Fenerbahçe SK, 11 Nisan 2014 tarihinde CAS kararına karşı
yapmış olduğu itirazın; İsviçre Federal Mahkemesi’nin (İFM) 16/10/2014 tarihli
kararı ile reddedildiğini duyurdu. Kulüp, İFM'nin kararının Türkiye’de hala tartışılan bir döneme ait
hukuk dışı yargılama ve kararlarına dayanılarak alınmış bir karar olduğunu
iddia etti ve yeniden yargılama sürecinin sona ermesini müteakiben söz
konusu karara karşı her türlü ceza-i ve tazminat haklarını kullanacağını
açıkladı.
İFM kararının öğrenilmesi ile birlikte, birçok olasılık ve
yöntem tartışılmaya başlandı. Aşağıda bunlardan bazılarına değineceğim.
1) Fenerbahçe'nin İFM kararına karşı
başvurabileceği bir kurum var mı?
Fenerbahçe SK, İFM'nin kararına karşı İnsan Hakları Avrupa Mahkemesi’ne başvurabilir.
Şu anda CAS kararları sebebiyle İsviçre’ye
karşı açılmış iki dava bulunmaktadır. Claude Pechstein ve Adrian
Mutu, İsviçre aleyhine dava açtılar. İHAM da İsviçre'ye CAS'ın
bağımsız ve tarafsız olup olmadığını, adil yargılanma hakkının hayata geçirilip
geçirilmediğini, gizli duruşma kuralının adil yargılanma hakkını ihlal edip etmediğini
sordu. İki dava ile ilgili süreç devam ediyor.
Fenerbahçe de CAS’ın
yapısını, temel ilkelere aykırı olduğunu düşündüğü usul kurallarını ve dava
sırasındaki uygulamaları İHAM
bünyesinde tartışmaya açabilir. Bununla birlikte, Fenerbahçe'nin yeniden yargılamanın beklenmesi gerektiği ve paralel komplo ile ilgili iddiaları İHAM tarafından ciddiye alınmayacaktır.
2)
UEFA, CAS ve İFM, hukuk dışı yargılama ve kararlara mı dayandı?

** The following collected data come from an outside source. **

lemma sum_coeff_gso_closed:
  assumes "1 \<le> k" "k \<le> n" "1 \<le> i" "i \<le> n"
  shows "(\<Sum>j\<in>{1..<k}. w j / (a j * D j) * gso_closed j i) =
     (if i < k then w i / D (k - 1) else if i < n then 0 else 1 - 1 / D (k - 1))"
proof -
  let ?f = "\<lambda>j. w j / (a j * D j) * gso_closed j i"
  consider "i < k" | "k \<le> i" "i < n" | "i = n" "k \<le> i" using assms by fastforce
  then show ?thesis
  proof cases
    case 1
    have "(\<Sum>j\<in>{1..<i}. ?f j) = 0"
      by (rule sum.neutral) (use 1 assms in \<open>auto simp: gso_closed_def\<close>)
    moreover have "?f i = w i / D i"
      using 1 assms a_nonzero [of i] by (simp add: gso_closed_def)
    moreover have "(\<Sum>j\<in>{Suc i..<k}. ?f j) = - w i * (1 / D i - 1 / D (k - 1))"
    proof -
      have "(\<Sum>j\<in>{Suc i..<k}. ?f j) = (\<Sum>j\<in>{Suc i..k-1}. - w i * ((w j)^2 / (D (j - 1) * D j)))"
      proof (rule sum.cong)
        fix j assume "j \<in> {Suc i..k-1}"
        then show "?f j = - w i * ((w j)^2 / (D (j - 1) * D j))"
          by (intro gso_closed_tail) (use 1 assms in auto)
      qed (use 1 in auto)
      also have "\<dots> = - w i * (1 / D i - 1 / D (k - 1))"
        unfolding sum_distrib_left [symmetric] using 1 sum_w2_div_D_telescope [of i "k - 1"] by simp
      finally show ?thesis .
    qed
    moreover have "(\<Sum>j\<in>{1..<k}. ?f j) = (\<Sum>j\<in>{1..<i}. ?f j) + (\<Sum>j\<in>{i..<k}. ?f j)"
      by (rule sum.atLeastLessThan_concat [symmetric]) (use 1 assms in auto)
    moreover have "(\<Sum>j\<in>{i..<k}. ?f j) = ?f i + (\<Sum>j\<in>{Suc i..<k}. ?f j)"
      by (rule sum.atLeast_Suc_lessThan) (use 1 in simp)
    ultimately have "(\<Sum>j\<in>{1..<k}. ?f j) = w i / D i - w i * (1 / D i - 1 / D (k - 1))"
      by simp
    then show ?thesis
      using 1 by (simp add: field_simps)
  next
    case 2
    have "(\<Sum>j\<in>{1..<k}. ?f j) = 0"
      by (rule sum.neutral) (use 2 in \<open>auto simp: gso_closed_def\<close>)
    then show ?thesis using 2 by simp
  next
    case 3
    have "(\<Sum>j\<in>{1..<k}. ?f j) = (\<Sum>j\<in>{Suc 0..k-1}. (w j)^2 / (D (j - 1) * D j))"
      using 3 assms a_nonzero c_eq_a_mult_w
      by (intro sum.cong) (auto simp: gso_closed_def field_simps power2_eq_square)
    also have "\<dots> = 1 - 1 / D (k - 1)"
      using sum_w2_div_D_telescope [of 0 "k - 1"] by (simp add: D_def)
    finally show ?thesis using 3 assms by simp
  qed
qed

lemma gso_eq_closed:
  "1 \<le> k \<Longrightarrow> k \<le> n \<Longrightarrow> i \<in> {1..n} \<Longrightarrow> gso n v k i = gso_closed k i"
proof (induction k arbitrary: i rule: less_induct)
  case (less k)
  have IH: "gso n v j i = gso_closed j i" if "j \<in> {1..<k}" "i \<in> {1..n}" for j i
    using less that by auto
  have "gso n v k i = v k i - (\<Sum>j\<in>{1..<k}.
      ipn n (v k) (gso n v j) / ipn n (gso n v j) (gso n v j) * gso n v j i)"
    by (subst gso.simps) simp
  also have "\<dots> = v k i - (\<Sum>j\<in>{1..<k}. c k * w j / (a j * D j) * gso_closed j i)"
  proof -
    have "ipn n x (gso n v j) = ipn n x (gso_closed j)"
      "ipn n (gso n v j) x = ipn n (gso_closed j) x" "gso n v j i = gso_closed j i"
      if "j \<in> {1..<k}" for x j
      using that IH less.prems(3) by (auto simp: ipn_def intro: sum.cong)
    then show ?thesis
      using less.prems gso_coeff_closed by (intro arg_cong2 [where f = "(-)"] sum.cong) auto
  qed
  also have "\<dots> = v k i - c k * (\<Sum>j\<in>{1..<k}. w j / (a j * D j) * gso_closed j i)"
    by (simp add: sum_distrib_left mult.assoc)
  also have "\<dots> = gso_closed k i"
    using sum_coeff_gso_closed [of k i] less.prems D_pos [of "k - 1"]
    by (auto simp: v_eq gso_closed_def field_simps)
  finally show ?case .
qed
lemma card_image_Un_T:
  assumes "I \<subseteq> R" "inj_on \<sigma> I"
  shows "card (\<sigma> ` I \<union> T) = card I + card T"
proof -
  have "\<sigma> ` I \<inter> T = {}"
    using assms image_not_in_T by blast
  then show ?thesis
    using assms card_Un_disjoint[of "\<sigma> ` I" T] by (simp add: card_image)
qed

lemma image_matroid_eq:
  "I \<subseteq> R \<Longrightarrow> inj_on \<sigma> I \<Longrightarrow> card I = k \<Longrightarrow> image_matroid I = ereal (\<Sum>i\<in>I. c i) + \<nu> (\<sigma> ` I \<union> T)"
  unfolding image_matroid_def by simp

lemma image_matroid_finite_imp:
  assumes "image_matroid I \<noteq> \<infinity>"
  shows "I \<subseteq> R" "inj_on \<sigma> I" "card I = k" "\<nu> (\<sigma> ` I \<union> T) \<noteq> \<infinity>"
  using assms unfolding image_matroid_def by (auto split: if_splits)

lemma image_matroid_not_minf: "image_matroid I \<noteq> -\<infinity>"
  unfolding image_matroid_def using \<nu>_not_minf by auto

Fenerbahçe SK UEFA, CAS ve İFM’nin kararlarının Türkiye’deki hukuk dışı yargılama ve kararlara
dayanılarak alındığını iddia etti.
Bu iddia kısmen doğru,
kısmen yanlış.
CAS’ın kararını okuduğumuzda, UEFA’nın ceza mahkemesinin kararını temel alarak karar verdiğini
görüyoruz. CAS, UEFA’nın bu uygulamasını eleştirdi. CAS, ceza mahkemesi kararlarının dikkate alınabileceğini ancak bu
kararların tek başına bağlayıcı olmadığını belirtti.
Fenerbahçe’nin iddiasının
aksine, CAS, ceza mahkemesinin
kararına dayanmadı. Yeniden yargılama yaptı. Delilleri tek tek tartışarak
değerlendirdi.
CAS’ın ceza mahkemesinin kararını dikkate almadığını ve
kendi yargılamasını yaptığını özellikle Sivasspor-Fenerbahçe maçı ile ilgili
tespit ve görüşlerinden anlayabiliriz. CAS,
ceza mahkemesinin kararını hiçe sayarak, Sivasspor
başkanı Mecnun Otyakmaz’ın şike
yapmadığına karar verdi. Üstelik CAS
ceza mahkemesinin kabul ettiği “siyah
çanta” teorisinin ispatlanamadığını belirtti. (Not: CAS'ın bir başka hakem heyeti, Sivasspor'un başvurusu üzerine yaptığı yargılamada, Mecnun Otyakmaz'ın da şike yaptığına karar verdi. Heyet "önceki karardaki hukuki değerlendirme ile bağlı olmadığını" açıkladı.)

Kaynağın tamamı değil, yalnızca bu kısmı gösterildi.